Und für mich und meinem Mann gab es nichts Schöneres, als gemeinsam mit unseren Sprösslingen, damals drei, sechs und neun Jahre alt, genau dorthin zu fahren. Wir waren noch so jung, gerade elf Jahre verheiratet, hatten über Jahre unser Haus in Eigenleistung gebaut, jeden Abend und jedes Wochenende darin gewerkelt, waren eigentlich pleite und gerade deshalb froh und dankbar über unseren, gerade noch bezahlbaren, Urlaubsplatz.

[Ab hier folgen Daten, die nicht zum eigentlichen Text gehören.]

lemma Re_cinner_scaleR_right: "Re (cinner x (t *\<^sub>R y)) = t * Re (cinner x y)"
  by (simp add: scaleR_scaleC cinner_scaleC_right)

lemma closed_range_scaleC: "closed (range (\<lambda>c. c *\<^sub>C (y::'a::complex_inner)))"
proof (cases "y = 0")
  case True
  then have "range (\<lambda>c. c *\<^sub>C y) = {0}" by auto
  then show ?thesis by simp
next
  case False
  have "complete (range (\<lambda>c. c *\<^sub>C y))"
    using False by (intro complete_isometric_image[where e = "norm y"] bounded_linear_scaleC_left)
      (auto simp: norm_scaleC complete_UNIV)
  then show ?thesis by (rule complete_imp_closed)
qed

lemma Cauchy_by_null_bound:
  fixes m :: "nat \<Rightarrow> 'a::metric_space"
  assumes e: "e \<longlonglongrightarrow> 0" and bound: "\<And>i j. dist (m i) (m j) \<le> e i + e j"
  shows "Cauchy m"
proof (rule metric_CauchyI)
  fix r :: real assume "0 < r"
  then obtain N where N: "\<And>n. n \<ge> N \<Longrightarrow> dist (e n) 0 < r / 2"
    using e unfolding lim_sequentially by (meson half_gt_zero)
  show "\<exists>M. \<forall>i\<ge>M. \<forall>j\<ge>M. dist (m i) (m j) < r"
  proof (intro exI allI impI)
    fix i j assume "N \<le> i" "N \<le> j"
    then have "\<bar>e i\<bar> < r / 2" "\<bar>e j\<bar> < r / 2" using N by (auto simp: dist_real_def)
    then show "dist (m i) (m j) < r" using bound[of i j] by linarith
  qed
qed

lemma dist_almost_nearest_points:
  fixes z a b :: "'a::complex_inner"
  assumes "(dist z a)\<^sup>2 \<le> d\<^sup>2 + \<alpha>" "(dist z b)\<^sup>2 \<le> d\<^sup>2 + \<beta>"
    and "d \<le> dist z ((1/2) *\<^sub>R (a + b))" "0 \<le> d"
  shows "(dist a b)\<^sup>2 \<le> 2 * \<alpha> + 2 * \<beta>"
proof -
  have "z - a + (z - b) = 2 *\<^sub>R (z - (1/2) *\<^sub>R (a + b))"
    by (simp add: algebra_simps scaleR_2)
  then have "2 * d \<le> norm (z - a + (z - b))"
    using assms(3) by (simp add: dist_norm)
  then have "(2 * d)\<^sup>2 \<le> (norm (z - a + (z - b)))\<^sup>2"
    using assms(4) by (intro power_mono) auto
  with parallelogram_law[of "z - a" "z - b"] assms(1,2) show ?thesis
    by (simp add: dist_norm power_mult_distrib norm_minus_commute)
qed

lemma exists_nearest_point:
  fixes C :: "'a::chilbert set"
  assumes "closed C" "convex C" "C \<noteq> {}"
  shows "\<exists>p\<in>C. \<forall>q\<in>C. dist z p \<le> dist z q"
proof -
  define d where "d = infdist z C"
  have d0: "0 \<le> d" and lb: "\<And>q. q \<in> C \<Longrightarrow> d \<le> dist z q"
    by (simp_all add: d_def infdist_nonneg infdist_le)
  have "\<exists>q\<in>C. (dist z q)\<^sup>2 < d\<^sup>2 + e\<^sup>2" if "e > 0" for e
  proof -
    have "d < sqrt (d\<^sup>2 + e\<^sup>2)"
      using that d0 by (intro real_less_rsqrt) simp
    then obtain q where "q \<in> C" "dist z q < sqrt (d\<^sup>2 + e\<^sup>2)"
      using assms(3) by (auto simp: d_def infdist_notempty cINF_less_iff intro: bdd_belowI[where m=0])
    moreover have "(dist z q)\<^sup>2 < (sqrt (d\<^sup>2 + e\<^sup>2))\<^sup>2"
      using calculation by (intro power_strict_mono) auto
    ultimately show ?thesis by auto
  qed
  then have "\<forall>n. \<exists>q\<in>C. (dist z q)\<^sup>2 < d\<^sup>2 + (inverse (Suc n))\<^sup>2"
    by simp
  then obtain m where m: "\<And>n. m n \<in> C" "\<And>n. (dist z (m n))\<^sup>2 < d\<^sup>2 + (inverse (Suc n))\<^sup>2"
    by metis
  have "dist (m i) (m j) \<le> 2 * inverse (Suc i) + 2 * inverse (Suc j)" for i j
  proof -
    have "(1/2) *\<^sub>R (m i + m j) \<in> C"
      using convexD[OF assms(2) m(1) m(1), of "1/2" "1/2"] by (simp add: scaleR_add_right)
    then have "(dist (m i) (m j))\<^sup>2 \<le> 2 * (inverse (Suc i))\<^sup>2 + 2 * (inverse (Suc j))\<^sup>2"
      using m(2)[of i] m(2)[of j] lb d0 by (intro dist_almost_nearest_points) auto
    also have "\<dots> \<le> (2 * inverse (Suc i) + 2 * inverse (Suc j))\<^sup>2"
      by (simp add: power2_eq_square algebra_simps)
    finally show ?thesis
      by (rule power2_le_imp_le) simp
  qed
  moreover have "(\<lambda>n. 2 * inverse (real (Suc n))) \<longlonglongrightarrow> 0"
    using tendsto_mult_right_zero[OF LIMSEQ_inverse_real_of_nat] .
  ultimately have "Cauchy m"
    by (rule Cauchy_by_null_bound[rotated])
  then obtain p where p: "m \<longlonglongrightarrow> p"
    using Cauchy_convergent_iff convergent_def by blast
  have "p \<in> C"
    using closed_sequentially[OF assms(1)] m(1) p by blast
  moreover have "(dist z p)\<^sup>2 \<le> d\<^sup>2"
  proof (rule LIMSEQ_le)
    show "(\<lambda>n. (dist z (m n))\<^sup>2) \<longlonglongrightarrow> (dist z p)\<^sup>2"
      using p by (intro tendsto_intros)
    show "(\<lambda>n. d\<^sup>2 + (inverse (Suc n))\<^sup>2) \<longlonglongrightarrow> d\<^sup>2"
      using tendsto_add[OF tendsto_const tendsto_power[OF LIMSEQ_inverse_real_of_nat, of 2]] by simp
    show "\<exists>N. \<forall>n\<ge>N. (dist z (m n))\<^sup>2 \<le> d\<^sup>2 + (inverse (Suc n))\<^sup>2"
      using m(2) less_imp_le by blast
  qed
  then have "dist z p \<le> d"
    using d0 by (rule power2_le_imp_le)
  ultimately show ?thesis
    using lb by force
qed

lemma nearest_point_orthogonal:
  fixes z p w :: "'a::complex_inner"
  assumes near: "\<And>t::real. dist z p \<le> dist z (p + t *\<^sub>R w)"
  shows "Re (cinner (z - p) w) = 0"
proof -
  define r where "r = Re (cinner (z - p) w)"
  define q where "q = (norm w)\<^sup>2"
  have var: "2 * t * r \<le> t\<^sup>2 * q" for t
  proof -
    have "(norm (z - p))\<^sup>2 \<le> (norm (z - p - t *\<^sub>R w))\<^sup>2"
      using near[of t] by (intro power_mono) (auto simp: dist_norm diff_diff_add)
    also have "\<dots> = (norm (z - p))\<^sup>2 + t\<^sup>2 * q - 2 * (t * r)"
      unfolding power2_norm_diff q_def r_def by (simp add: Re_cinner_scaleR_right power_mult_distrib)
    finally show ?thesis by simp
  qed
  show ?thesis
  proof (cases "w = 0")
    case False
    then have q: "q > 0" unfolding q_def by simp
    have "2 * (r / q) * r \<le> (r / q)\<^sup>2 * q" by (rule var)
    then have "r\<^sup>2 \<le> 0" using q by (simp add: power2_eq_square field_simps)
    then show ?thesis unfolding r_def by simp
  qed simp
qed

lemma dense_if_orthogonal_complement_zero:
  fixes S :: "'a::chilbert set"
  assumes S: "subspace S" and perp: "\<And>e. (\<And>w. w \<in> S \<Longrightarrow> Re (cinner e w) = 0) \<Longrightarrow> e = 0"
  shows "closure S = UNIV"
proof -
  have "z \<in> closure S" for z
  proof -
    have "\<exists>p\<in>closure S. \<forall>q\<in>closure S. dist z p \<le> dist z q"
      using S by (intro exists_nearest_point) (auto simp: subspace_imp_convex dest: subspace_0)
    then obtain p where p: "p \<in> closure S" and near: "\<And>q. q \<in> closure S \<Longrightarrow> dist z p \<le> dist z q"
      by blast
    have "p + t *\<^sub>R w \<in> closure S" if "w \<in> S" for t w
    proof -
      have "(\<lambda>q. q + t *\<^sub>R w) ` closure S \<subseteq> closure S"
        using S that by (intro image_closure_subset continuous_intros)
          (auto intro!: subsetD[OF closure_subset] subspace_add subspace_scale)
      then show ?thesis using p by blast
    qed
    then have "Re (cinner (z - p) w) = 0" if "w \<in> S" for w
      using near that by (intro nearest_point_orthogonal) blast
    then have "z - p = 0" by (rule perp)
    then show ?thesis using p by simp
  qed
  then show ?thesis by auto
qed

lemma self_adjoint_inj_dense_range:
  fixes A :: "'a::chilbert \<Rightarrow> 'a"
  assumes "self_adjoint_bdd A" "inj A"
  shows "closure (range A) = UNIV"
proof (rule dense_if_orthogonal_complement_zero)
  have A: "bounded_clinear A" and sym: "\<And>u v. cinner (A u) v = cinner u (A v)"
    using assms(1) by (auto simp: self_adjoint_bdd_def)
  then have Asc: "\<And>c u. A (c *\<^sub>C u) = c *\<^sub>C A u"
    by (simp add: bounded_clinear_def clinear_def)
  show "subspace (range A)"
    using A bounded_clinear_bounded_linear bounded_linear.linear linear_subspace_image subspace_UNIV by blast
  fix e assume perp: "\<And>w. w \<in> range A \<Longrightarrow> Re (cinner e w) = 0"
  have "cinner e (A u) = 0" for u
  proof -
    have "Re (cinner e (A u)) = 0" "Re (cinner e (A (\<i> *\<^sub>C u))) = 0"
      using perp by auto
    then show ?thesis by (simp add: Asc cinner_scaleC_right complex_eq_iff)
  qed
  then have "cinner (A e) (A e) = 0" using sym by simp
  then have "A e = 0" by (simp add: cinner_eq_zero_iff)
  moreover have "A 0 = 0" using Asc[of 0 0] by simp
  ultimately show "e = 0" using assms(2) by (metis injD)
qed

lemma clinear_on_inverse_plus_line:
  assumes A: "clinear A" and D: "\<And>u c. D (A u + c *\<^sub>C y) = u"
  shows "clinear_on {A u + c *\<^sub>C y | u c. True} D"
proof -
  have add: "(A u + c *\<^sub>C y) + (A v + d *\<^sub>C y) = A (u + v) + (c + d) *\<^sub>C y" for u v c d
    using A by (simp add: clinear_def scaleC_add_left algebra_simps)
  have scale: "k *\<^sub>C (A u + c *\<^sub>C y) = A (k *\<^sub>C u) + (k * c) *\<^sub>C y" for k u c
    using A by (simp add: clinear_def scaleC_add_right scaleC_scaleC)
  define Dom where "Dom = {A u + c *\<^sub>C y | u c. True}"
  show ?thesis
    unfolding clinear_on_def csubspace_def Dom_def[symmetric]
  proof (intro conjI ballI allI)
    have "0 = A 0 + 0 *\<^sub>C y"
      using A scale[of 0 0 0] by simp
    then show "0 \<in> Dom" unfolding Dom_def by blast
  next
    fix a b assume "a \<in> Dom" "b \<in> Dom"
    then obtain u c v d where "a = A u + c *\<^sub>C y" "b = A v + d *\<^sub>C y"
      unfolding Dom_def by blast
    then show "a + b \<in> Dom" "D (a + b) = D a + D b"
      unfolding Dom_def using add D by auto
  next
    fix k a assume "a \<in> Dom"
    then obtain u c where "a = A u + c *\<^sub>C y"
      unfolding Dom_def by blast
    then show "k *\<^sub>C a \<in> Dom" "D (k *\<^sub>C a) = k *\<^sub>C D a"
      unfolding Dom_def using scale D by auto
  qed
qed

Ich liebte den Urlaub an der Ostsee, er war so unkompliziert, ein Zigeunerleben ohne jeglichen Luxus und Manieren, einfach einfach. Unser grauer, unscheinbarer Campingwagen stand zwischen den anderen mitten im rauschenden Kiefernwald, nur 100 Meter von den Dünen entfernt. Wir konnten vor dem Zelt gemeinsam unsere Mahlzeiten einnehmen, uns mit den Kindern beschäftigen und uns als Familie genügen. Das Wetter spielte mit, war traumhaft schön, wie in jedem Jahr. Wir besaßen weder Fernseher noch Radio, geschweige noch ein Telefon, waren zeitlos und ahnungslos. Ja wir waren im Tal der Ahnungslosen angekommen und das war wunderbar, nicht funktionieren, nicht strukturieren, organisieren oder planen zu müssen, wir ließen einfach mal alle Viere gerade sein.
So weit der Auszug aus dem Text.